[AVAILABLE DATA — start]

lemma cone_component:
  assumes cone: "is_cone L \<gamma> (lid S m c)" and c: "c \<in> S" and e: "e \<in> S"
  shows "\<gamma> (lid S m e) = rho S m e (e \<cdot> c) c"
proof -
  have component: "\<exists>u\<in>mid S m e c. \<gamma> (lid S m e) = rho S m e u c" if "e \<in> S" for e
    using cone that c unfolding is_cone_def by (auto simp: ob_Lcat hom_Lcat_lid)
  have compat: "mcomp (mincl a b) (\<gamma> b) = \<gamma> a" if "a \<in> ob L" "b \<in> ob L" "a \<subseteq> b" for a b
    using cone that unfolding is_cone_def by simp
  have at_apex: "\<gamma> (lid S m c) = rho S m c c c"
  proof -
    obtain e0 where e0: "e0 \<in> S" "is_iso L (\<gamma> (lid S m e0))"
      using cone unfolding is_cone_def by (auto simp: ob_Lcat)
    then obtain u0 where "u0 \<in> mid S m e0 c" "\<gamma> (lid S m e0) = rho S m e0 u0 c"
      using component by blast
    with e0 c show ?thesis
      using is_iso_rho_imp_id by metis
  qed
  obtain u where u: "u \<in> mid S m e c" and \<gamma>e: "\<gamma> (lid S m e) = rho S m e u c"
    using component e by blast
  define d where "d = e \<cdot> c"
  have d: "d \<in> S" "d \<cdot> c = d" "d \<cdot> e = d"
    using e c by (simp_all add: d_def mult_commute mult_left_commute)
  have "u \<in> S" "u \<cdot> e = u" "u \<cdot> c = u"
    using u e c by (simp_all add: mid_eq)
  then have du: "d \<cdot> u = u"
    using e c by (simp add: d_def mult_commute mult_left_commute)
  have "rho S m d d c = \<gamma> (lid S m d)"
    using compat[of "lid S m d" "lid S m c"] at_apex d c
    by (simp add: ob_Lcat lid_subset_iff mincl_lid mcomp_rho mem_mid_selfI)
  also have "\<dots> = rho S m d u c"
    using compat[of "lid S m d" "lid S m e"] \<gamma>e d e c u du
    by (simp add: ob_Lcat lid_subset_iff mincl_lid mcomp_rho mem_mid_selfI)
  finally have "rho S m d d c = rho S m d u c" .
  moreover have "u \<in> mid S m d c"
    using mult_mem_mid_trans[OF d(1) e c mem_mid_selfI[OF d(1) e d(3)] u] du by simp
  ultimately have "u = d"
    using d c by (simp add: rho_inject mem_mid_selfI)
  with \<gamma>e show ?thesis
    by (simp add: d_def)
qed
lemma perm_act_measure_preserving:
  fixes M :: "('n, 'm, 'x, 'y) profile measure"
  assumes bidder_sym: "\<And>\<pi>. \<pi> permutes (UNIV::'n set) \<Longrightarrow>
        (\<lambda>(v, x, y). (rowperm \<pi> v, rowperm \<pi> x, y)) \<in> M \<rightarrow>\<^sub>M M
        \<and> distr M M (\<lambda>(v, x, y). (rowperm \<pi> v, rowperm \<pi> x, y)) = M"
    and item_sym: "\<And>\<tau>. \<tau> permutes (UNIV::'m set) \<Longrightarrow>
        (\<lambda>(v, x, y). (colperm \<tau> v, x, (\<lambda>j. y (\<tau> j)))) \<in> M \<rightarrow>\<^sub>M M
        \<and> distr M M (\<lambda>(v, x, y). (colperm \<tau> v, x, (\<lambda>j. y (\<tau> j)))) = M"
    and "\<pi> permutes UNIV" "\<tau> permutes UNIV"
  shows "perm_act \<pi> \<tau> \<in> M \<rightarrow>\<^sub>M M \<and> distr M M (perm_act \<pi> \<tau>) = M"
proof -
  have "perm_act \<pi> \<tau>
      = (\<lambda>(v, x, y). (colperm \<tau> v, x, (\<lambda>j. y (\<tau> j)))) \<circ> (\<lambda>(v, x, y). (rowperm \<pi> v, rowperm \<pi> x, y))"
    by (auto simp: perm_act_def fun_eq_iff)
  then show ?thesis
    using bidder_sym[OF assms(3)] item_sym[OF assms(4)] by (metis measure_preserving_comp)
qed
text \<open>Continuity w.r.t. the p-adic (inverse limit) topology means: every reduction
  g \<mapsto> theta g mod p^m is continuous into the discrete space Z/p^m.\<close>
definition orientation ::
  "int \<Rightarrow> ('a, 'b) monoid_scheme \<Rightarrow> 'a topology \<Rightarrow> ('a \<Rightarrow> nat \<Rightarrow> int) \<Rightarrow> bool" where
  "orientation p G T \<theta> \<longleftrightarrow>
     (\<forall>g \<in> carrier G. padic p (\<theta> g) \<and> \<theta> g 1 = 1 mod p) \<and>
     (\<forall>g \<in> carrier G. \<forall>h \<in> carrier G. \<theta> (g \<otimes>\<^bsub>G\<^esub> h) = padic_mult p (\<theta> g) (\<theta> h)) \<and>
     (\<forall>m. continuous_map T (discrete_topology UNIV) (\<lambda>g. \<theta> g m))"

text \<open>Z_p(1)/p^m is {0..<p^m} (i.e. Z/p^m) with action g.x = theta(g) x mod p^m.
  Continuous 1-cocycles (crossed homomorphisms) H \<rightarrow> Z_p(1)/p^m, H a closed subgroup
  with the subspace topology; the coefficient module is finite, hence discrete.\<close>
definition Z1 ::
  "int \<Rightarrow> ('a, 'b) monoid_scheme \<Rightarrow> 'a topology \<Rightarrow> ('a \<Rightarrow> nat \<Rightarrow> int) \<Rightarrow> 'a set \<Rightarrow> nat
    \<Rightarrow> ('a \<Rightarrow> int) set" where
  "Z1 p G T \<theta> H m = {c. c \<in> extensional H \<and> (\<forall>h \<in> H. 0 \<le> c h \<and> c h < p ^ m) \<and>
      (\<forall>g \<in> H. \<forall>h \<in> H. c (g \<otimes>\<^bsub>G\<^esub> h) = (c g + \<theta> g m * c h) mod p ^ m) \<and>
      continuous_map (subtopology T H) (discrete_topology UNIV) c}"

definition cohomologous ::
  "int \<Rightarrow> ('a, 'b) monoid_scheme \<Rightarrow> 'a topology \<Rightarrow> ('a \<Rightarrow> nat \<Rightarrow> int) \<Rightarrow> 'a set \<Rightarrow> nat
    \<Rightarrow> (('a \<Rightarrow> int) \<times> ('a \<Rightarrow> int)) set" where
  "cohomologous p G T \<theta> H m = {(c, d). c \<in> Z1 p G T \<theta> H m \<and> d \<in> Z1 p G T \<theta> H m \<and>
      (\<exists>a. 0 \<le> a \<and> a < p ^ m \<and> (\<forall>h \<in> H. c h = (d h + \<theta> h m * a - a) mod p ^ m))}"

definition H1 ::
  "int \<Rightarrow> ('a, 'b) monoid_scheme \<Rightarrow> 'a topology \<Rightarrow> ('a \<Rightarrow> nat \<Rightarrow> int) \<Rightarrow> 'a set \<Rightarrow> nat
    \<Rightarrow> ('a \<Rightarrow> int) set set" where
  "H1 p G T \<theta> H m = Z1 p G T \<theta> H m // cohomologous p G T \<theta> H m"

definition reduce_cocycle :: "int \<Rightarrow> 'a set \<Rightarrow> ('a \<Rightarrow> int) \<Rightarrow> ('a \<Rightarrow> int)" where
  "reduce_cocycle p H c = restrict (\<lambda>h. c h mod p) H"

definition H1_reduction ::
  "int \<Rightarrow> ('a, 'b) monoid_scheme \<Rightarrow> 'a topology \<Rightarrow> ('a \<Rightarrow> nat \<Rightarrow> int) \<Rightarrow> 'a set
    \<Rightarrow> ('a \<Rightarrow> int) set \<Rightarrow> ('a \<Rightarrow> int) set" where
  "H1_reduction p G T \<theta> H C =
     (\<Union>c \<in> C. cohomologous p G T \<theta> H 1 `` {reduce_cocycle p H c})"

definition H1_reduction_surjective ::
  "int \<Rightarrow> ('a, 'b) monoid_scheme \<Rightarrow> 'a topology \<Rightarrow> ('a \<Rightarrow> nat \<Rightarrow> int) \<Rightarrow> 'a set \<Rightarrow> nat \<Rightarrow> bool" where
  "H1_reduction_surjective p G T \<theta> H n \<longleftrightarrow>
     H1_reduction p G T \<theta> H ` H1 p G T \<theta> H n = H1 p G T \<theta> H 1"

definition cyclotomic ::
  "int \<Rightarrow> ('a, 'b) monoid_scheme \<Rightarrow> 'a topology \<Rightarrow> ('a \<Rightarrow> nat \<Rightarrow> int) \<Rightarrow> bool" where
  "cyclotomic p G T \<theta> \<longleftrightarrow>
     (\<forall>H n. subgroup H G \<and> closedin T H \<and> n \<ge> 1 \<longrightarrow> H1_reduction_surjective p G T \<theta> H n)"

end

theory Submission
  imports Defs "HOL-Algebra.SndIsomorphismGrp"
begin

[AVAILABLE DATA — finish]

**EXERCISE REQUIREMENTS:** Retype the entries exactly from the first line, stopping after the line with "then obtain u0".

**WORKED SOLUTION:**
lemma cone_component:
  assumes cone: "is_cone L \<gamma> (lid S m c)" and c: "c \<in> S" and e: "e \<in> S"
  shows "\<gamma> (lid S m e) = rho S m e (e \<cdot> c) c"
proof -
  have component: "\<exists>u\<in>mid S m e c. \<gamma> (lid S m e) = rho S m e u c" if "e \<in> S" for e
    using cone that c unfolding is_cone_def by (auto simp: ob_Lcat hom_Lcat_lid)
  have compat: "mcomp (mincl a b) (\<gamma> b) = \<gamma> a" if "a \<in> ob L" "b \<in> ob L" "a \<subseteq> b" for a b
    using cone that unfolding is_cone_def by simp
  have at_apex: "\<gamma> (lid S m c) = rho S m c c c"
  proof -
    obtain e0 where e0: "e0 \<in> S" "is_iso L (\<gamma> (lid S m e0))"
      using cone unfolding is_cone_def by (auto simp: ob_Lcat)
    then obtain u0 where "u0 \<in> mid S m e0 c" "\<gamma> (lid S m e0) = rho S m e0 u0 c"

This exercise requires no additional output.